Create the dataset#

When you start with a project, you’ll want to upload a dataset.

Objectives#

In this section, you will:

  • Upload a local CSV file to Dataiku.

Prerequisites#

To complete this tutorial, you’ll need:

Create the project#

  1. From the Dataiku Design homepage, click + New Project.

  2. Select Learning projects.

  3. Search for and select Create Your First Project.

  4. Click Install.

  5. From the project homepage, click Go to Flow (or g + f).

Note

You can also download the starter project from this website and import it as a zip file.

Use case summary#

Let’s say we’re a financial company that uses some credit card data to detect fraudulent transactions.

The project comes with two data sources (tx and merchants) and you’ll add a third one (cards).

The table below describes each of these three datasets.

Dataset

Description

tx

Each row is a unique credit card transaction with information such as the card that was used and the merchant where the transaction was made.

It also indicates whether the transaction has either been:

  • Authorized (a score of 1 in the authorized_flag column)

  • Flagged for potential fraud (a score of 0)

merchants

Each row is a unique merchant with information such as the merchant’s location and category.

cards

(to be uploaded)

Each row is a unique credit card ID with information such as the card’s activation month or the cardholder’s FICO score (a common measure of creditworthiness in the US).

Import data#

Dataiku lets you connect to a wide variety of data sources, but for this tutorial, let’s start by uploading a local file. Each row is the latitude and longitude coordinates of a unique credit card holder.

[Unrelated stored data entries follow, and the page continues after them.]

(* Hurwitz braid generators acting (from the right) on 4-tuples, and their inverses *)
definition beta2 :: "('a, 'b) monoid_scheme \<Rightarrow> 'a list \<Rightarrow> 'a list" where
  "beta2 G s = [s!0 \<otimes>\<^bsub>G\<^esub> s!1 \<otimes>\<^bsub>G\<^esub> inv\<^bsub>G\<^esub> (s!0), s!0, s!2, s!3]"
definition beta3 :: "('a, 'b) monoid_scheme \<Rightarrow> 'a list \<Rightarrow> 'a list" where
  "beta3 G s = [s!0, s!1 \<otimes>\<^bsub>G\<^esub> s!2 \<otimes>\<^bsub>G\<^esub> inv\<^bsub>G\<^esub> (s!1), s!1, s!3]"
definition beta4 :: "('a, 'b) monoid_scheme \<Rightarrow> 'a list \<Rightarrow> 'a list" where
  "beta4 G s = [s!0, s!1, s!2 \<otimes>\<^bsub>G\<^esub> s!3 \<otimes>\<^bsub>G\<^esub> inv\<^bsub>G\<^esub> (s!2), s!2]"
definition beta2_inv :: "('a, 'b) monoid_scheme \<Rightarrow> 'a list \<Rightarrow> 'a list" where
  "beta2_inv G s = [s!1, inv\<^bsub>G\<^esub> (s!1) \<otimes>\<^bsub>G\<^esub> s!0 \<otimes>\<^bsub>G\<^esub> s!1, s!2, s!3]"
definition beta3_inv :: "('a, 'b) monoid_scheme \<Rightarrow> 'a list \<Rightarrow> 'a list" where
  "beta3_inv G s = [s!0, s!2, inv\<^bsub>G\<^esub> (s!2) \<otimes>\<^bsub>G\<^esub> s!1 \<otimes>\<^bsub>G\<^esub> s!2, s!3]"
definition beta4_inv :: "('a, 'b) monoid_scheme \<Rightarrow> 'a list \<Rightarrow> 'a list" where
  "beta4_inv G s = [s!0, s!1, s!3, inv\<^bsub>G\<^esub> (s!3) \<otimes>\<^bsub>G\<^esub> s!2 \<otimes>\<^bsub>G\<^esub> s!3]"

(* Pure braid generators. Right action: x^(g h) = (x^g)^h, so the word
   b_1 b_2 ... b_k acts as the function b_k o ... o b_1. *)
definition pure_braid_gens :: "('a, 'b) monoid_scheme \<Rightarrow> ('a list \<Rightarrow> 'a list) set" where
  "pure_braid_gens G =
    (let b2 = beta2 G; b3 = beta3 G; b4 = beta4 G;
         b2' = beta2_inv G; b3' = beta3_inv G; b4' = beta4_inv G in
     { b2 \<circ> b2,                                   \<comment> \<open>beta12\<close>
       b2 \<circ> b3 \<circ> b3 \<circ> b2',                       \<comment> \<open>beta13\<close>
       b2 \<circ> b3 \<circ> b4 \<circ> b4 \<circ> b3' \<circ> b2',          \<comment> \<open>beta14\<close>
       b3 \<circ> b3,                                   \<comment> \<open>beta23\<close>
       b3 \<circ> b4 \<circ> b4 \<circ> b3',                       \<comment> \<open>beta24\<close>
       b4 \<circ> b4,                                   \<comment> \<open>beta34\<close>
       \<comment> \<open>inverses of the above\<close>
       b2' \<circ> b2',
       b2' \<circ> b3' \<circ> b3' \<circ> b2,
       b2' \<circ> b3' \<circ> b4' \<circ> b4' \<circ> b3 \<circ> b2,
       b3' \<circ> b3',
       b3' \<circ> b4' \<circ> b4' \<circ> b3,
       b4' \<circ> b4' })"
definition mu :: "real \<Rightarrow> real \<Rightarrow> nat \<times> seed_type \<Rightarrow> real \<Rightarrow> real" where
  "mu g h l \<eta> = (case l of
      (v, TypeI) \<Rightarrow> ((1 + \<eta>) / 2) powr (1/2 - h) * jacobiP (g - 1/2) (1/2 - h) (int v) \<eta>
    | (v, TypeII) \<Rightarrow> ((1 - \<eta>) / 2) powr (1/2 - g) * jacobiP (1/2 - g) (h - 1/2) (int v) \<eta>)"

definition Pn :: "real \<Rightarrow> real \<Rightarrow> nat \<Rightarrow> real \<Rightarrow> real" where
  "Pn g h n \<eta> = jacobiP (g - 1/2) (h - 1/2) (int n) \<eta>"

definition wronskian :: "(real \<Rightarrow> real) list \<Rightarrow> real \<Rightarrow> real" where
  "wronskian fs \<eta> = det (mat (length fs) (length fs) (\<lambda>(j, k). (deriv ^^ j) (fs ! k) \<eta>))"

definition numI :: "(nat \<times> seed_type) list \<Rightarrow> nat" where
  "numI D = length (filter (\<lambda>l. snd l = TypeI) D)"

definition numII :: "(nat \<times> seed_type) list \<Rightarrow> nat" where
  "numII D = length (filter (\<lambda>l. snd l = TypeII) D)"

definition Xi :: "real \<Rightarrow> real \<Rightarrow> (nat \<times> seed_type) list \<Rightarrow> real \<Rightarrow> real" where
  "Xi g h D \<eta> = wronskian (map (mu g h) D) \<eta>
     * ((1 - \<eta>) / 2) powr ((real (numI D) + g - 1/2) * real (numII D))
     * ((1 + \<eta>) / 2) powr ((real (numII D) + h - 1/2) * real (numI D))"

definition PD :: "real \<Rightarrow> real \<Rightarrow> (nat \<times> seed_type) list \<Rightarrow> nat \<Rightarrow> real \<Rightarrow> real" where
  "PD g h D n \<eta> = wronskian (map (mu g h) D @ [Pn g h n]) \<eta>
     * ((1 - \<eta>) / 2) powr ((real (numI D) + g + 1/2) * real (numII D))
     * ((1 + \<eta>) / 2) powr ((real (numII D) + h + 1/2) * real (numI D))"

definition Xent :: "real \<Rightarrow> real \<Rightarrow> nat \<Rightarrow> nat \<times> seed_type \<Rightarrow> nat \<Rightarrow> real \<Rightarrow> real" where
  "Xent g h N l j \<eta> = (case l of
      (v, TypeI) \<Rightarrow> (-1) ^ (j - 1) / 2 ^ (j - 1) * pochhammer (h - 1/2 - real v) (j - 1)
          * ((1 + \<eta>) / 2) ^ (N - j)
          * jacobiP (g + real j - 3/2) (3/2 - h - real j) (int v) \<eta>
    | (v, TypeII) \<Rightarrow> 1 / 2 ^ (j - 1) * pochhammer (g - 1/2 - real v) (j - 1)
          * ((1 - \<eta>) / 2) ^ (N - j)
          * jacobiP (3/2 - g - real j) (h + real j - 3/2) (int v) \<eta>)"
text \<open>Presheaf on the poset of "opens" Os (opens of X, or the family T).\<close>
definition presheaf_on :: "'x set set \<Rightarrow> ('k::field, 'a::ab_group_add, 'x) shdata \<Rightarrow> bool" where
  "presheaf_on Os F \<longleftrightarrow> vector_space (scl F) \<and>
     (\<forall>U\<in>Os. module.subspace (scl F) (sec F U)) \<and>
     (\<forall>U\<in>Os. \<forall>V\<in>Os. V \<subseteq> U \<longrightarrow> lin_on (scl F) (scl F) (sec F U) (res F U V) \<and> res F U V ` sec F U \<subseteq> sec F V) \<and>
     (\<forall>U\<in>Os. \<forall>x\<in>sec F U. res F U U x = x) \<and>
     (\<forall>U\<in>Os. \<forall>V\<in>Os. \<forall>W\<in>Os. W \<subseteq> V \<longrightarrow> V \<subseteq> U \<longrightarrow> (\<forall>x\<in>sec F U. res F V W (res F U V x) = res F U W x))"

definition sheaf_cond :: "'x set set \<Rightarrow> ('x set \<Rightarrow> 'x set set \<Rightarrow> bool) \<Rightarrow> ('k, 'a, 'x) shdata \<Rightarrow> bool" where
  "sheaf_cond Os cov F \<longleftrightarrow> (\<forall>U\<in>Os. \<forall>\<U>. cov U \<U> \<longrightarrow>
     (\<forall>x\<in>sec F U. \<forall>y\<in>sec F U. (\<forall>V\<in>\<U>. res F U V x = res F U V y) \<longrightarrow> x = y) \<and>
     (\<forall>f. (\<forall>V\<in>\<U>. f V \<in> sec F V) \<and>
          (\<forall>V\<in>\<U>. \<forall>W\<in>\<U>. res F V (V \<inter> W) (f V) = res F W (V \<inter> W) (f W))
          \<longrightarrow> (\<exists>x\<in>sec F U. \<forall>V\<in>\<U>. res F U V x = f V)))"

text \<open>Coverings on X (usual) and on the site X_T (finite subcovering required).\<close>
definition cov_X :: "'x topology \<Rightarrow> 'x set \<Rightarrow> 'x set set \<Rightarrow> bool" where
  "cov_X X U \<U> \<longleftrightarrow> (\<forall>V\<in>\<U>. openin X V) \<and> \<Union>\<U> = U"

definition cov_T :: "'x set set \<Rightarrow> 'x set \<Rightarrow> 'x set set \<Rightarrow> bool" where
  "cov_T T U \<U> \<longleftrightarrow> \<U> \<subseteq> T \<and> (\<forall>V\<in>\<U>. V \<subseteq> U) \<and> (\<exists>\<V>\<subseteq>\<U>. finite \<V> \<and> \<Union>\<V> = U)"

definition opens :: "'x topology \<Rightarrow> 'x set set" where
  "opens X = {U. openin X U}"

definition sheaf_X :: "'x topology \<Rightarrow> ('k::field, 'a::ab_group_add, 'x) shdata \<Rightarrow> bool" where
  "sheaf_X X F \<longleftrightarrow> presheaf_on (opens X) F \<and> sheaf_cond (opens X) (cov_X X) F"

definition sheaf_T :: "'x set set \<Rightarrow> ('k::field, 'a::ab_group_add, 'x) shdata \<Rightarrow> bool" where
  "sheaf_T T F \<longleftrightarrow> presheaf_on T F \<and> sheaf_cond T (cov_T T) F"

text \<open>Morphisms of (pre)sheaves over Os (two morphisms are equal iff they agree on sections).\<close>
definition shmor :: "'x set set \<Rightarrow> ('k, 'a::ab_group_add, 'x) shdata \<Rightarrow> ('k, 'b::ab_group_add, 'x) shdata
    \<Rightarrow> ('x set \<Rightarrow> 'a \<Rightarrow> 'b) \<Rightarrow> bool" where
  "shmor Os F G \<phi> \<longleftrightarrow>
     (\<forall>U\<in>Os. lin_on (scl F) (scl G) (sec F U) (\<phi> U) \<and> \<phi> U ` sec F U \<subseteq> sec G U) \<and>
     (\<forall>U\<in>Os. \<forall>V\<in>Os. V \<subseteq> U \<longrightarrow> (\<forall>x\<in>sec F U. \<phi> V (res F U V x) = res G U V (\<phi> U x)))"

definition mor_eq :: "'x set set \<Rightarrow> ('k, 'a, 'x) shdata \<Rightarrow> ('x set \<Rightarrow> 'a \<Rightarrow> 'b) \<Rightarrow> ('x set \<Rightarrow> 'a \<Rightarrow> 'b) \<Rightarrow> bool" where
  "mor_eq Os F \<phi> \<psi> \<longleftrightarrow> (\<forall>U\<in>Os. \<forall>x\<in>sec F U. \<phi> U x = \<psi> U x)"

text \<open>The direct image rho_* : Mod(k_X) \<rightarrow> Mod(k_T): (rho_* F)(U) = F(U) for U in T.
  On morphisms, rho_* \<psi> is \<psi> restricted to U in T.\<close>
definition rho_push :: "('k, 'a, 'x) shdata \<Rightarrow> ('k, 'a, 'x) shdata" where
  "rho_push F = F"

definition mcomp :: "('x set \<Rightarrow> 'b \<Rightarrow> 'c) \<Rightarrow> ('x set \<Rightarrow> 'a \<Rightarrow> 'b) \<Rightarrow> ('x set \<Rightarrow> 'a \<Rightarrow> 'c)" where
  "mcomp \<psi> \<phi> = (\<lambda>U x. \<psi> U (\<phi> U x))"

  1. From the Flow, click + Dataset > Upload your files.

    The New Uploaded Files Dataset page opens.

    Note

    If the project was empty, you would have seen a blue button + Import Your First Dataset on the project homepage.

  2. Click Select Files, and choose the cards.csv file.

    Dataiku displays a preview of the cards dataset. As you can see, the data is in a tabular format, with columns (features) and rows (records or observations). Dataiku has correctly set a default dataset name cards based on the file name.

  3. Leave the name cards and click the Configure Format button above the preview.

  4. In the Schema tab, click on Infer Types From Data, and then Confirm so that Dataiku tries to guess the correct storage types based on the current sample.

    A dataiku screenshot showing the Preview on the upload dataset page.

    Note

    Once the dataset is uploaded to your Flow, you can check its schema any time from the Settings > Schema tab, and then infer the types.

  5. Since the result is OK for us, finish importing the dataset by either hitting the Create button or using the shortcut Cmd/Ctrl+S.

This procedure creates the new dataset and lands you on the Explore tab of the cards dataset.

Dataiku screenshot of the Explore tab of a dataset.